Data shown:
(* Let $N>3$. Consider quantum strategies given by: an integer $d\ge1$; the state $|\psi\rangle=\sum_{i=1}^N\sqrt{p_i}\,|i\rangle|\chi\rangle\in\mathbb{C}^N\otimes\mathbb{C}^d$ with $p_i\ge0$, $\sum_ip_i=1$ and $|\chi\rangle\in\mathbb{C}^d$ a unit vector; symmetric encoding unitaries $U_{\mathbf{x}}=\sum_{i=1}^N|i\rangle\langle i|\otimes U^{x_i}$ for a single unitary $U$ on $\mathbb{C}^d$ (i.e. $U_1=\cdots=U_N=U$); and a two-outcome POVM $\{\Pi_0,\Pi_1\}$, giving the behavior $P(a|\mathbf{x})=\langle\psi|U_{\mathbf{x}}^\dagger\Pi_aU_{\mathbf{x}}|\psi\rangle$. Then the maximum over all such strategies (all $d$, $p_i$, $\chi$, $U$, POVMs) of $$\frac{1}{N+1}P(0|0\cdots0)+\frac{1}{N+1}\sum_{k=1}^NP(1|e_k)-\frac{N}{N+1}$$ equals $$\delta_N=\frac{1}{(N+1)(N^2-3N+1)},$$ and this maximum is achieved with $d=2$ and the symmetric input state $p_i=1/N$ for all $i$.
   Context: $\{|i\rangle\}$ is the standard basis of $\mathbb{C}^N$; $e_k\in\{0,1\}^N$ denotes the bit string with a single $1$ in position $k$ and zeros elsewhere. The quantity $\frac{1}{N+1}P(0|0\cdots0)+\frac{1}{N+1}\sum_kP(1|e_k)\le\frac{N}{N+1}$ is the fingerprinting inequality, which holds for all behaviors generated with $N-1$ classical particles; the displayed difference is its violation. *)

theory Defs
  imports "Jordan_Normal_Form.Matrix" Complex_Main
begin

definition adj :: "complex mat \<Rightarrow> complex mat" where
  "adj A = mat (dim_col A) (dim_row A) (\<lambda>(i,j). cnj (A $$ (j,i)))"

definition braket :: "complex vec \<Rightarrow> complex vec \<Rightarrow> complex" where
  "braket v w = (\<Sum>i<dim_vec v. cnj (v $ i) * w $ i)"

definition unitary_mat :: "nat \<Rightarrow> complex mat \<Rightarrow> bool" where
  "unitary_mat n U \<longleftrightarrow> U \<in> carrier_mat n n \<and> adj U * U = 1\<^sub>m n \<and> U * adj U = 1\<^sub>m n"

definition psd_mat :: "nat \<Rightarrow> complex mat \<Rightarrow> bool" where
  "psd_mat n A \<longleftrightarrow> A \<in> carrier_mat n n \<and> adj A = A \<and>
     (\<forall>v \<in> carrier_vec n. Im (braket v (A *\<^sub>v v)) = 0 \<and> Re (braket v (A *\<^sub>v v)) \<ge> 0)"

text \<open>Space \<open>\<complex>^N \<otimes> \<complex>^d\<close>: basis vector \<open>|i\<rangle>|a\<rangle>\<close> has index \<open>i*d + a\<close>.
  The encoding unitary \<open>U_x = \<Sum>_i |i\<rangle>\<langle>i| \<otimes> U^(x_i)\<close>, bit strings as \<open>nat \<Rightarrow> bool\<close>
  (True = 1), positions \<open>0..N-1\<close>.\<close>
definition enc_unitary :: "nat \<Rightarrow> nat \<Rightarrow> complex mat \<Rightarrow> (nat \<Rightarrow> bool) \<Rightarrow> complex mat" where
  "enc_unitary N d U x = mat (N*d) (N*d) (\<lambda>(r,c).
     if r div d = c div d then (U ^\<^sub>m (if x (r div d) then 1 else 0)) $$ (r mod d, c mod d) else 0)"

definition in_state :: "nat \<Rightarrow> nat \<Rightarrow> (nat \<Rightarrow> real) \<Rightarrow> complex vec \<Rightarrow> complex vec" where
  "in_state N d p \<chi> = vec (N*d) (\<lambda>r. complex_of_real (sqrt (p (r div d))) * \<chi> $ (r mod d))"

text \<open>\<open>P(a|x) = \<langle>\<psi>|U_x^\<dagger> \<Pi>_a U_x|\<psi>\<rangle>\<close> (real for hermitian \<open>\<Pi>_a\<close>).\<close>
definition behavior :: "nat \<Rightarrow> nat \<Rightarrow> (nat \<Rightarrow> real) \<Rightarrow> complex vec \<Rightarrow> complex mat
    \<Rightarrow> complex mat \<Rightarrow> (nat \<Rightarrow> bool) \<Rightarrow> real" where
  "behavior N d p \<chi> U Pa x =
     Re (braket (in_state N d p \<chi>)
       ((adj (enc_unitary N d U x) * Pa * enc_unitary N d U x) *\<^sub>v in_state N d p \<chi>))"

definition valid_strategy :: "nat \<Rightarrow> nat \<Rightarrow> (nat \<Rightarrow> real) \<Rightarrow> complex vec \<Rightarrow> complex mat
    \<Rightarrow> complex mat \<Rightarrow> complex mat \<Rightarrow> bool" where
  "valid_strategy N d p \<chi> U Pi0 Pi1 \<longleftrightarrow>
     d \<ge> 1 \<and> (\<forall>i<N. p i \<ge> 0) \<and> (\<Sum>i<N. p i) = 1 \<and>
     \<chi> \<in> carrier_vec d \<and> braket \<chi> \<chi> = 1 \<and> unitary_mat d U \<and>
     psd_mat (N*d) Pi0 \<and> psd_mat (N*d) Pi1 \<and> Pi0 + Pi1 = 1\<^sub>m (N*d)"

definition fp_violation :: "nat \<Rightarrow> nat \<Rightarrow> (nat \<Rightarrow> real) \<Rightarrow> complex vec \<Rightarrow> complex mat
    \<Rightarrow> complex mat \<Rightarrow> complex mat \<Rightarrow> real" where
  "fp_violation N d p \<chi> U Pi0 Pi1 =
     1 / (real N + 1) * behavior N d p \<chi> U Pi0 (\<lambda>_. False)
     + 1 / (real N + 1) * (\<Sum>k<N. behavior N d p \<chi> U Pi1 (\<lambda>i. i = k))
     - real N / (real N + 1)"

end

theory Submission
  imports Defs
begin

text \<open>Let \<open>\<psi>\<^sub>x\<close> be the encoded states and \<open>Q = \<Pi>\<^sub>0\<close>. Since \<open>\<Pi>\<^sub>1 = 1 - Q\<close> and the
  \<open>\<psi>\<^sub>x\<close> are unit vectors, \<open>N + 1\<close> times the violation is
  \<open>\<langle>\<psi>\<^sub>0|Q|\<psi>\<^sub>0\<rangle> - \<Sum>\<^sub>k \<langle>\<psi>\<^sub>k|Q|\<psi>\<^sub>k\<rangle>\<close>. For \<open>a > 0\<close> with \<open>t = N a\<^sup>2 < 1\<close>,
  \<open>\<psi>\<^sub>0\<close> is the convex combination of \<open>r / (1 - t)\<close> (weight \<open>1 - t\<close>) and the
  \<open>\<psi>\<^sub>k / a\<close> (weight \<open>a\<^sup>2\<close> each), where \<open>r = \<psi>\<^sub>0 - a \<Sum>\<^sub>k \<psi>\<^sub>k\<close>. Convexity of the
  positive form \<open>Q\<close> and \<open>Q \<le> 1\<close> bound the violation by \<open>\<parallel>r\<parallel>\<^sup>2 / ((1 - t)(N + 1))\<close>.
  Every block of \<open>r\<close> equals \<open>(1 - a (N - 1)) \<chi> - a U \<chi>\<close>, so \<open>\<parallel>r\<parallel>\<^sup>2\<close> only depends on
  \<open>c = Re \<langle>\<chi>|U|\<chi>\<rangle>\<close>, and a good choice of \<open>a\<close> gives the bound \<open>\<delta>\<^sub>N\<close> for every
  \<open>c \<in> [-1, 1]\<close>. It is attained in dimension 2 by a real reflection \<open>U\<close> with
  \<open>c = -\<delta>\<^sub>N (N - 1)\<close>, uniform weights and a rank-one \<open>\<Pi>\<^sub>0\<close>.\<close>

lemma sum_lessThan_mult:
  "(\<Sum>j<N*d. f j) = (\<Sum>i<N. \<Sum>b<d. f (i*d + b))" for N d :: nat
proof -
  have "(\<Sum>j<N*d. f j) = (\<Sum>i<N. sum f {i*d..<i*d+d})"
    by (rule sum.nat_group[symmetric])
  also have "\<dots> = (\<Sum>i<N. \<Sum>b<d. f (i*d + b))"
    by (simp add: sum.shift_bounds_nat_ivl[of f 0 "i*d" d for i, simplified] atLeast0LessThan add.commute)
  finally show ?thesis .
qed

lemma mult_add_less_mult:
  fixes i N b d :: nat
  assumes "i < N" "b < d"
  shows "i*d + b < N*d"
proof -
  have "i*d + b < Suc i * d" using assms(2) by simp
  also have "\<dots> \<le> N*d" using assms(1) by (intro mult_le_mono1) simp
  finally show ?thesis .
qed

lemma sum_if_eq_else:
  fixes A B :: "'a :: comm_ring_1"
  assumes "i < N"
  shows "(\<Sum>k<N. if i = k then A else B) = A + (of_nat N - 1) * B"
    and "(\<Sum>k<N. if k = i then A else B) = A + (of_nat N - 1) * B"
proof -
  have "(\<Sum>k<N. if i = k then A else B) = (\<Sum>k<N. B + (if i = k then A - B else 0))"
    by (intro sum.cong) auto
  also have "\<dots> = of_nat N * B + (A - B)" using assms by (simp add: sum.distrib)
  finally show "(\<Sum>k<N. if i = k then A else B) = A + (of_nat N - 1) * B"
    by (simp add: algebra_simps)
  then show "(\<Sum>k<N. if k = i then A else B) = A + (of_nat N - 1) * B"
    by (simp add: eq_commute)
qed

lemma adj_carrier_mat: "A \<in> carrier_mat n m \<Longrightarrow> adj A \<in> carrier_mat m n"
  by (simp add: adj_def)

lemma adj_adj [simp]: "adj (adj A) = A"
  by (auto simp: adj_def)

lemma braket_mult_mat_vec:
  assumes A: "A \<in> carrier_mat n n" and v: "v \<in> carrier_vec n" and w: "w \<in> carrier_vec n"
  shows "braket v (A *\<^sub>v w) = braket (adj A *\<^sub>v v) w"
proof -
  have "braket v (A *\<^sub>v w) = (\<Sum>i<n. \<Sum>j<n. cnj (v$i) * A$$(i,j) * w$j)"
    using A v w by (simp add: braket_def scalar_prod_def atLeast0LessThan sum_distrib_left mult.assoc)
  also have "\<dots> = (\<Sum>j<n. \<Sum>i<n. cnj (v$i) * A$$(i,j) * w$j)"
    by (rule sum.swap)
  also have "\<dots> = braket (adj A *\<^sub>v v) w"
    using A v w by (simp add: braket_def adj_def scalar_prod_def atLeast0LessThan sum_distrib_left sum_distrib_right mult_ac)
  finally show ?thesis .
qed

lemma braket_conjugated_mat:
  assumes A: "A \<in> carrier_mat n n" and P: "P \<in> carrier_mat n n" and v: "v \<in> carrier_vec n"
  shows "braket v ((adj A * P * A) *\<^sub>v v) = braket (A *\<^sub>v v) (P *\<^sub>v (A *\<^sub>v v))"
proof -
  have "(adj A * P * A) *\<^sub>v v = adj A *\<^sub>v (P *\<^sub>v (A *\<^sub>v v))"
    using A P v adj_carrier_mat[OF A] by (simp add: assoc_mult_mat_vec[of _ n n _ n])
  then show ?thesis
    using braket_mult_mat_vec[of "adj A" n v "P *\<^sub>v (A *\<^sub>v v)"] A P v adj_carrier_mat[OF A] by simp
qed

lemma braket_cnj: "dim_vec v = dim_vec w \<Longrightarrow> cnj (braket v w) = braket w v"
  by (simp add: braket_def cnj_sum mult.commute)

lemma braket_add_right:
  "dim_vec u = dim_vec v \<Longrightarrow> dim_vec w = dim_vec v \<Longrightarrow> braket v (u + w) = braket v u + braket v w"
  by (simp add: braket_def sum.distrib distrib_left)

lemma braket_diff_right:
  "dim_vec u = dim_vec v \<Longrightarrow> dim_vec w = dim_vec v \<Longrightarrow> braket v (u - w) = braket v u - braket v w"
  by (simp add: braket_def sum_subtractf right_diff_distrib)

lemma cnj_mult_self: "cnj z * z = of_real ((cmod z)^2)"
  by (simp add: complex_norm_square[symmetric] mult.commute)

Assignment: Please return only the lines above, starting at the line that has "unitary_mat d U \<and>" and ending at the line that has "1 / (real N + 1) * behavior", keeping both and leaving each one unchanged.

Answer space:
     \<chi> \<in> carrier_vec d \<and> braket \<chi> \<chi> = 1 \<and> unitary_mat d U \<and>
     psd_mat (N*d) Pi0 \<and> psd_mat (N*d) Pi1 \<and> Pi0 + Pi1 = 1\<^sub>m (N*d)"

definition fp_violation :: "nat \<Rightarrow> nat \<Rightarrow> (nat \<Rightarrow> real) \<Rightarrow> complex vec \<Rightarrow> complex mat
    \<Rightarrow> complex mat \<Rightarrow> complex mat \<Rightarrow> real" where
  "fp_violation N d p \<chi> U Pi0 Pi1 =
     1 / (real N + 1) * behavior N d p \<chi> U Pi0 (\<lambda>_. False)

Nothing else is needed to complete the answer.